** YOUR TASK **
Go to the line containing "fixes u \<alpha> :: real" in the records below and print it and every following line exactly, on through the line containing "c0 by linarith", then stop.

[[ AVAILABLE RECORDS open ]]

lemma cubic_lt_three_halves:
  fixes u \<alpha> :: real
  assumes "0 \<le> u" "u \<le> \<alpha>" "0 < \<alpha>"
  shows "3 * u * \<alpha>^2 - 2 * u^3 < 3 / 2 * \<alpha>^3"
proof -
  have "3 / 2 * \<alpha>^3 - (3 * u * \<alpha>^2 - 2 * u^3)
      = (4 * (10 * u - 7 * \<alpha>)^2 * (5 * u + 7 * \<alpha>) + 60 * (\<alpha> - u) * \<alpha>^2 + 68 * \<alpha>^3) / 1000"
    by (simp add: field_simps power2_eq_square power3_eq_cube)
  also have "\<dots> > 0"
    using assms by (intro divide_pos_pos add_nonneg_pos add_nonneg_nonneg) auto
  finally show ?thesis by simp
qed

lemma normalized_second_order_ineq:
  fixes N t \<alpha> :: real
  assumes N: "2 \<le> N" and t: "0 \<le> t" and \<alpha>: "0 < \<alpha>"
    and \<alpha>_sq: "\<alpha>^2 = (t + 2)^2 + 2 * N - 4"
  shows "4 * (N - 2) * t / \<alpha>^3 + (t + 2) / \<alpha> < 3 / 2"
proof -
  define u where "u = t + 2"
  have u: "0 \<le> u" "t \<le> u" and c: "\<alpha>^2 - u^2 = 2 * N - 4" and c0: "0 \<le> 2 * N - 4"
    using t N \<alpha>_sq unfolding u_def by auto
  have "u^2 \<le> \<alpha>^2" using c c0 by linarith
  then have "u \<le> \<alpha>" by (rule power2_le_imp_le) (use \<alpha> in simp)
  have "(4 * (N - 2) * t / \<alpha>^3 + (t + 2) / \<alpha>) * \<alpha>^3 = 2 * t * (2 * N - 4) + u * \<alpha>^2"
    unfolding u_def using \<alpha> by (simp add: field_simps power2_eq_square power3_eq_cube)
  also have "\<dots> \<le> 2 * u * (2 * N - 4) + u * \<alpha>^2"
    using u c0 by (simp add: mult_right_mono)
  also have "\<dots> = 3 * u * \<alpha>^2 - 2 * u^3"
    unfolding c[symmetric] by (simp add: algebra_simps power2_eq_square power3_eq_cube)
  also have "\<dots> < 3 / 2 * \<alpha>^3"
    using u \<open>u \<le> \<alpha>\<close> \<alpha> by (intro cubic_lt_three_halves)
  finally show ?thesis using \<alpha> by (simp add: mult_less_cancel_right_pos)
qed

[[ AVAILABLE RECORDS closed ]]

** ANSWER TO THE PROBLEM **
  fixes u \<alpha> :: real
  assumes "0 \<le> u" "u \<le> \<alpha>" "0 < \<alpha>"
  shows "3 * u * \<alpha>^2 - 2 * u^3 < 3 / 2 * \<alpha>^3"
proof -
  have "3 / 2 * \<alpha>^3 - (3 * u * \<alpha>^2 - 2 * u^3)
      = (4 * (10 * u - 7 * \<alpha>)^2 * (5 * u + 7 * \<alpha>) + 60 * (\<alpha> - u) * \<alpha>^2 + 68 * \<alpha>^3) / 1000"
    by (simp add: field_simps power2_eq_square power3_eq_cube)
  also have "\<dots> > 0"
    using assms by (intro divide_pos_pos add_nonneg_pos add_nonneg_nonneg) auto
  finally show ?thesis by simp
qed

lemma normalized_second_order_ineq:
  fixes N t \<alpha> :: real
  assumes N: "2 \<le> N" and t: "0 \<le> t" and \<alpha>: "0 < \<alpha>"
    and \<alpha>_sq: "\<alpha>^2 = (t + 2)^2 + 2 * N - 4"
  shows "4 * (N - 2) * t / \<alpha>^3 + (t + 2) / \<alpha> < 3 / 2"
proof -
  define u where "u = t + 2"
  have u: "0 \<le> u" "t \<le> u" and c: "\<alpha>^2 - u^2 = 2 * N - 4" and c0: "0 \<le> 2 * N - 4"
    using t N \<alpha>_sq unfolding u_def by auto
  have "u^2 \<le> \<alpha>^2" using c c0 by linarith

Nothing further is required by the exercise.